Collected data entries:
* * * * * * *
(* Let $(\mathcal{J}_g)_{g\in[G]}$ be nonempty subsets of $[p]$, $p_g=|\mathcal{J}_g|$, $p_*=\min_gp_g$. Let $W$ be a $p\times n$ random matrix with independent $N(0,\sigma^2)$ entries and $E=\mathcal{T}(W)$. For any $\delta\in(0,1)$ and $\lambda=\sigma\bigl(1+\sqrt{2p_*^{-1}\log(1/\delta)}\bigr)$, \[ \mathbb{P}(\|E\|_{\mathrm{grp}*}>\lambda)\le(n-1)G\delta. \]
   Context: CUSUM transformation $\mathcal{T}:\mathbb{R}^{p\times n}\to\mathbb{R}^{p\times(n-1)}$: $\mathcal{T}(M)_{j,t}=\sqrt{t(n-t)/n}\bigl(\frac{1}{n-t}\sum_{r=t+1}^nM_{j,r}-\frac1t\sum_{r=1}^tM_{j,r}\bigr)$. $\|R\|_{\mathrm{grp}*}=\max_{g\in[G]}\max_{t\in[n-1]}p_g^{-1/2}\|R_{\mathcal{J}_g,t}\|_2$, where $R_{\mathcal{J}_g,t}$ is the vector of entries of the $t$th column of $R$ with rows in $\mathcal{J}_g$. *)

theory Defs
  imports "HOL-Probability.Probability"
begin

text \<open>Matrices are functions nat => nat => real, rows indexed 1..p, columns 1..n.\<close>

definition cusum :: "nat \<Rightarrow> (nat \<Rightarrow> nat \<Rightarrow> real) \<Rightarrow> nat \<Rightarrow> nat \<Rightarrow> real" where
  "cusum n M j t =
     sqrt (real t * real (n - t) / real n) *
       ((1 / real (n - t)) * (\<Sum>r\<in>{t+1..n}. M j r) - (1 / real t) * (\<Sum>r\<in>{1..t}. M j r))"

definition grp_star_norm :: "(nat \<Rightarrow> nat set) \<Rightarrow> nat \<Rightarrow> nat \<Rightarrow> (nat \<Rightarrow> nat \<Rightarrow> real) \<Rightarrow> real" where
  "grp_star_norm J G n R =
     Max {(1 / sqrt (real (card (J g)))) * sqrt (\<Sum>j\<in>J g. (R j t)\<^sup>2) | g t. g \<in> {1..G} \<and> t \<in> {1..n-1}}"

end

theory Submission
  imports Defs
begin

(* For fixed t, every entry E j t of the CUSUM transform is a linear combination of row j of W
   whose weights have unit Euclidean norm, and different rows use disjoint sets of entries of W.
   Hence the column (E j t)_j again has independent N(0, sigma^2) entries, and for each group g
   the sum of E j t ^ 2 over J g is sigma^2 times a chi-square variable with p_g degrees of freedom.
   A Chernoff bound, based on E exp (a X^2) = (1 - 2 a sigma^2)^(-1/2) for X ~ N(0, sigma^2), gives
   P(sum > sigma^2 p_g (1 + u)^2) <= exp (- p_g u^2 / 2); the choice u = sqrt (2 log (1/delta) / p_g),
   which is at most sqrt (2 log (1/delta) / p_star), makes this delta, and a union bound over the
   G (n - 1) pairs (g, t) finishes the proof. *)

lemma normal_density_mult_exp_sq:
  fixes \<sigma> a x :: real
  assumes "\<sigma> > 0" "2 * a * \<sigma>\<^sup>2 < 1"
  shows "normal_density 0 \<sigma> x * exp (a * x\<^sup>2) =
         normal_density 0 (\<sigma> / sqrt (1 - 2 * a * \<sigma>\<^sup>2)) x / sqrt (1 - 2 * a * \<sigma>\<^sup>2)"
proof -
  define b where "b = 1 - 2 * a * \<sigma>\<^sup>2"
  have b: "b > 0" using assms by (simp add: b_def)
  have exponent: "- x\<^sup>2 / (2 * \<sigma>\<^sup>2) + a * x\<^sup>2 = - x\<^sup>2 / (2 * (\<sigma> / sqrt b)\<^sup>2)"
    using b assms by (simp add: power_divide b_def field_simps)
  have "normal_density 0 \<sigma> x * exp (a * x\<^sup>2) =
      exp (- x\<^sup>2 / (2 * \<sigma>\<^sup>2) + a * x\<^sup>2) / sqrt (2 * pi * \<sigma>\<^sup>2)"
    by (simp add: normal_density_def mult_exp_exp)
  also have "\<dots> = exp (- x\<^sup>2 / (2 * (\<sigma> / sqrt b)\<^sup>2)) / sqrt (2 * pi * \<sigma>\<^sup>2)"
    by (simp only: exponent)
  also have "\<dots> = normal_density 0 (\<sigma> / sqrt b) x / sqrt b"
    using b by (simp add: normal_density_def power_divide real_sqrt_divide)
  finally show ?thesis by (simp add: b_def)
qed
* * * * * * *
Brief ▸
Lines with "mathrm" in the records above: copy every one of them.

Solution to the problem ▸
(* Let $(\mathcal{J}_g)_{g\in[G]}$ be nonempty subsets of $[p]$, $p_g=|\mathcal{J}_g|$, $p_*=\min_gp_g$. Let $W$ be a $p\times n$ random matrix with independent $N(0,\sigma^2)$ entries and $E=\mathcal{T}(W)$. For any $\delta\in(0,1)$ and $\lambda=\sigma\bigl(1+\sqrt{2p_*^{-1}\log(1/\delta)}\bigr)$, \[ \mathbb{P}(\|E\|_{\mathrm{grp}*}>\lambda)\le(n-1)G\delta. \]
   Context: CUSUM transformation $\mathcal{T}:\mathbb{R}^{p\times n}\to\mathbb{R}^{p\times(n-1)}$: $\mathcal{T}(M)_{j,t}=\sqrt{t(n-t)/n}\bigl(\frac{1}{n-t}\sum_{r=t+1}^nM_{j,r}-\frac1t\sum_{r=1}^tM_{j,r}\bigr)$. $\|R\|_{\mathrm{grp}*}=\max_{g\in[G]}\max_{t\in[n-1]}p_g^{-1/2}\|R_{\mathcal{J}_g,t}\|_2$, where $R_{\mathcal{J}_g,t}$ is the vector of entries of the $t$th column of $R$ with rows in $\mathcal{J}_g$. *)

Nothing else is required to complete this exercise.